Your assignment:
For each line below, check for "range"; give only the total of lines where it occurs.

Stored data entries:
■ ■ ■ ■
text \<open>The state of the switching strategy after \<open>n\<close> moves is \<open>(k, d, L)\<close>: \<open>k\<close> switches
  have happened, \<open>d\<close> is the current target and its first \<open>L\<close> coordinates are locked.
  \<open>E k d m\<close> is the new target together with its locked length; it must keep the first \<open>m\<close>
  coordinates, which covers both the moves already played and the locked prefix.\<close>

primrec switch_state ::
  "(nat \<Rightarrow> (nat \<Rightarrow> 'a) \<Rightarrow> nat \<Rightarrow> (nat \<Rightarrow> 'a) \<times> nat) \<Rightarrow> (nat \<Rightarrow> 'a) \<Rightarrow> real \<Rightarrow>
    (nat \<Rightarrow> real) \<Rightarrow> nat \<Rightarrow> nat \<times> (nat \<Rightarrow> 'a) \<times> nat"
where
  "switch_state E d0 r v 0 = (0, d0, 0)"
| "switch_state E d0 r v (Suc n) =
    (case switch_state E d0 r v n of (k, d, L) \<Rightarrow>
      if r - 1 / (real k + 1) < v n then (Suc k, E k d (max (Suc n) L)) else (k, d, L))"

lemma switch_state_cong:
  "(\<And>i. i < n \<Longrightarrow> v i = w i) \<Longrightarrow> switch_state E d0 r v n = switch_state E d0 r w n"
  by (induction n) auto

locale switching_strategy =
  fixes E :: "nat \<Rightarrow> (nat \<Rightarrow> 'a) \<Rightarrow> nat \<Rightarrow> (nat \<Rightarrow> 'a) \<times> nat"
    and d0 :: "nat \<Rightarrow> 'a" and r :: real and G :: "(nat \<Rightarrow> 'a) set"
  assumes start_in_G: "d0 \<in> G"
    and switch_in_G: "d \<in> G \<Longrightarrow> fst (E k d m) \<in> G"
    and switch_locks: "d \<in> G \<Longrightarrow> m \<le> snd (E k d m)"
    and switch_extends: "d \<in> G \<Longrightarrow> i < m \<Longrightarrow> fst (E k d m) i = d i"
begin

definition switches :: "(nat \<Rightarrow> real) \<Rightarrow> nat \<Rightarrow> nat" where
  "switches v n = fst (switch_state E d0 r v n)"

definition target :: "(nat \<Rightarrow> real) \<Rightarrow> nat \<Rightarrow> nat \<Rightarrow> 'a" where
  "target v n = fst (snd (switch_state E d0 r v n))"

definition locked :: "(nat \<Rightarrow> real) \<Rightarrow> nat \<Rightarrow> nat" where
  "locked v n = snd (snd (switch_state E d0 r v n))"

definition triggers :: "(nat \<Rightarrow> real) \<Rightarrow> nat \<Rightarrow> bool" where
  "triggers v n \<longleftrightarrow> r - 1 / (real (switches v n) + 1) < v n"

definition outcome :: "(nat \<Rightarrow> real) \<Rightarrow> nat \<Rightarrow> 'a" where
  "outcome v i = target v i i"

text \<open>Player I's own past moves are determined by the bids, so the strategy reads only the
  bids; the junk values of \<open>vs ! i\<close> for \<open>i \<ge> length vs\<close> are never consulted.\<close>

definition strategy :: "'a list \<Rightarrow> real list \<Rightarrow> 'a" where
  "strategy xs vs = target (\<lambda>i. vs ! i) (length vs) (length vs)"

lemma switches_0: "switches v 0 = 0"
  by (simp add: switches_def)

lemma state_Suc_triggers:
  assumes "triggers v n"
  shows "switches v (Suc n) = Suc (switches v n)"
    and "(target v (Suc n), locked v (Suc n)) =
      E (switches v n) (target v n) (max (Suc n) (locked v n))"
  using assms
  by (auto simp: switches_def target_def locked_def triggers_def split: prod.splits)

lemma state_Suc_not_triggers:
  assumes "\<not> triggers v n"
  shows "switches v (Suc n) = switches v n" "target v (Suc n) = target v n"
    "locked v (Suc n) = locked v n"
  using assms
  by (auto simp: switches_def target_def locked_def triggers_def split: prod.splits)

lemma target_in_G: "target v n \<in> G"
proof (induction n)
  case 0
  then show ?case using start_in_G by (simp add: target_def)
next
  case (Suc n)
  then show ?case
    using state_Suc_triggers(2)[of v n] state_Suc_not_triggers(2)[of v n] switch_in_G
    by (cases "triggers v n") (auto simp: prod_eq_iff)
qed

lemma switches_Suc: "switches v (Suc n) = switches v n \<or> switches v (Suc n) = Suc (switches v n)"
  using state_Suc_triggers(1) state_Suc_not_triggers(1) by blast

lemma switches_mono: "n \<le> m \<Longrightarrow> switches v n \<le> switches v m"
  using switches_Suc by (metis le_SucI order_refl lift_Suc_mono_le)

lemma locked_Suc: "locked v n \<le> locked v (Suc n)"
proof (cases "triggers v n")
  case True
  then show ?thesis
    using state_Suc_triggers(2)[OF True] switch_locks[OF target_in_G]
    by (metis max.bounded_iff snd_conv)
qed (simp add: state_Suc_not_triggers)

lemma locked_mono: "n \<le> m \<Longrightarrow> locked v n \<le> locked v m"
  using locked_Suc by (rule lift_Suc_mono_le)

lemma target_Suc_agrees:
  assumes "i < max (Suc n) (locked v n)"
  shows "target v (Suc n) i = target v n i"
proof (cases "triggers v n")
  case True
  then show ?thesis
    using state_Suc_triggers(2)[OF True] switch_extends[OF target_in_G assms] by (metis fst_conv)
qed (simp add: state_Suc_not_triggers)

lemma target_agrees:
  assumes "n \<le> m" "i < max n (locked v n)"
  shows "target v m i = target v n i"
  using assms(1)
proof (induction m rule: dec_induct)
  case (step m)
  have "i < max (Suc m) (locked v m)"
    using assms(2) step.hyps(1) locked_mono[OF step.hyps(1), of v]
    unfolding less_max_iff_disj by linarith
  then show ?case using target_Suc_agrees step.IH by simp
qed simp

lemma outcome_agrees:
  assumes "i < max n (locked v n)"
  shows "outcome v i = target v n i"
proof -
  have "target v (Suc i) i = target v i i"
    by (rule target_Suc_agrees) simp
  moreover have "target v (Suc i) i = target v n i"
  proof (cases "Suc i \<le> n")
    case True
    then show ?thesis using target_agrees[of "Suc i" n i v] by simp
  next
    case False
    then show ?thesis using target_agrees[of n "Suc i" i v] assms by simp
  qed
  ultimately show ?thesis by (simp add: outcome_def)
qed

lemma playI_strategy: "playI strategy v n = map (outcome v) [0..<n]"
proof (induction n)
  case (Suc n)
  have "switch_state E d0 r (\<lambda>i. map v [0..<n] ! i) n = switch_state E d0 r v n"
    by (rule switch_state_cong) simp
  then have "strategy (playI strategy v n) (map v [0..<n]) = outcome v n"
    by (simp add: strategy_def target_def outcome_def)
  with Suc show ?case by simp
qed simp

lemma runI_strategy: "runI strategy v = outcome v"
  unfolding runI_def playI_strategy by (rule ext) (simp add: nth_append)

lemma playI_strategy_in_tree:
  assumes "G \<subseteq> branches T"
  shows "playI strategy v n \<in> T"
proof -
  have "playI strategy v n = map (target v n) [0..<n]"
    by (simp add: playI_strategy outcome_agrees)
  then show ?thesis
    using assms target_in_G branch_prefix_in_tree by fastforce
qed

lemma outcome_in_closure_of:
  assumes "G \<subseteq> C" "C \<subseteq> branches T"
  shows "outcome v \<in> branch_topology T closure_of C"
proof (rule in_closure_of_branch_topology)
  show "outcome v \<in> branches T"
    using playI_strategy_in_tree[of T v] assms by (simp add: branches_def playI_strategy)
  show "\<exists>y\<in>C. \<forall>i<n. y i = outcome v i" for n
    using assms(1) target_in_G outcome_agrees by (metis less_max_iff_disj subsetD)
qed fact

lemma outcome_if_finitely_many_switches:
  assumes "bdd_above (range (switches v))"
  shows "outcome v \<in> G" and "limsup (\<lambda>n. ereal (v n)) < ereal r"
proof -
  define M where "M = Max (range (switches v))"
  have fin: "finite (range (switches v))"
    using assms bdd_above_nat by blast
  then have "M \<in> range (switches v)"
    unfolding M_def by (intro Max_in) auto
  then obtain N where N: "switches v N = M" by blast
  have switches_eq: "switches v n = M" if "n \<ge> N" for n
  proof -
    have "switches v n \<le> M" unfolding M_def using fin by (intro Max_ge) auto
    then show ?thesis using switches_mono[OF that, of v] N by linarith
  qed
  have quiet: "\<not> triggers v n" if "n \<ge> N" for n
  proof
    assume "triggers v n"
    then have "switches v (Suc n) = Suc M"
      using state_Suc_triggers(1) switches_eq[OF that] by simp
    then show False using switches_eq[of "Suc n"] that by simp
  qed
  have target_eq: "target v n = target v N" if "n \<ge> N" for n
    using that
  proof (induction n rule: dec_induct)
    case (step n)
    then show ?case using quiet state_Suc_not_triggers(2) by simp
  qed simp
  have "outcome v = target v N"
  proof
    fix i
    show "outcome v i = target v N i"
    proof (cases "i < N")
      case True
      then show ?thesis by (simp add: outcome_agrees)
    next
      case False
      then show ?thesis using target_eq[of i] by (simp add: outcome_def)
    qed
  qed
  then show "outcome v \<in> G" using target_in_G by simp
  have "v n \<le> r - 1 / (real M + 1)" if "n \<ge> N" for n
    using quiet[OF that] switches_eq[OF that] by (simp add: triggers_def)
  then have "limsup (\<lambda>n. ereal (v n)) \<le> ereal (r - 1 / (real M + 1))"
    by (rule limsup_le_if_eventually_le)
  also have "\<dots> < ereal r" by simp
  finally show "limsup (\<lambda>n. ereal (v n)) < ereal r" .
qed

lemma switch_occurs:
  assumes "\<not> bdd_above (range (switches v))"
  shows "\<exists>n. switches v n = j \<and> triggers v n"
proof -
  have "\<not> (\<forall>m. switches v m \<le> j)"
    using assms by (auto intro: bdd_above.I2)
  then obtain m where m: "j < switches v m"
    by (auto simp: not_le)
  define n where "n = (LEAST m. j < switches v m) - 1"
  have least: "j < switches v (LEAST m. j < switches v m)"
    using m by (rule LeastI)
  then have "(LEAST m. j < switches v m) = Suc n"
    unfolding n_def using switches_0[of v] by (cases "LEAST m. j < switches v m") auto
  then have "j < switches v (Suc n)" "\<not> j < switches v n"
    using least not_less_Least[of n "\<lambda>m. j < switches v m"] by auto
  then show ?thesis
    using switches_Suc[of v n] state_Suc_not_triggers(1)[of v n] by (intro exI[of _ n]) auto
qed

lemma limsup_if_infinitely_many_switches:
  assumes "\<not> bdd_above (range (switches v))"
  shows "ereal r \<le> limsup (\<lambda>n. ereal (v n))"
proof (rule ge_limsup_if_frequently_close)
  fix e :: real and N :: nat
  assume "e > 0"
  then obtain K :: nat where K: "1 / (real K + 1) < e"
    by (metis nat_approx_posE of_nat_Suc add.commute)
  obtain n where n: "switches v n = max K (switches v N)" "triggers v n"
    using switch_occurs[OF assms] by blast
  have "N \<le> n"
  proof (rule ccontr)
    assume "\<not> N \<le> n"
    then have "switches v (Suc n) \<le> switches v N" by (intro switches_mono) simp
    then show False using n state_Suc_triggers(1)[of v n] by simp
  qed
  moreover have "1 / (real (switches v n) + 1) \<le> 1 / (real K + 1)"
    using n(1) by (intro divide_left_mono) auto
  ultimately show "\<exists>n\<ge>N. r - e < v n"
    using n(2) K unfolding triggers_def by (intro exI[of _ n]) auto
qed


lemma outcome_avoids_if_infinitely_many_switches:
  assumes "\<not> bdd_above (range (switches v))" and "outcome v \<in> C"
    and avoids: "\<And>k d m z. d \<in> G \<Longrightarrow> z \<in> C \<Longrightarrow>
      (\<forall>i<snd (E k d m). z i = fst (E k d m) i) \<Longrightarrow> z \<notin> F k"
  shows "outcome v \<notin> F j"
proof -
  obtain n where n: "switches v n = j" "triggers v n"
    using switch_occurs[OF assms(1)] by blast
  have "\<forall>i<locked v (Suc n). outcome v i = target v (Suc n) i"
    using outcome_agrees by auto
  then show ?thesis
    using avoids[OF target_in_G[of v n] assms(2), of j "max (Suc n) (locked v n)"]
      state_Suc_triggers(2)[OF n(2)] n(1) by (metis fst_conv snd_conv)
qed

end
■ ■ ■ ■
Task answer:
7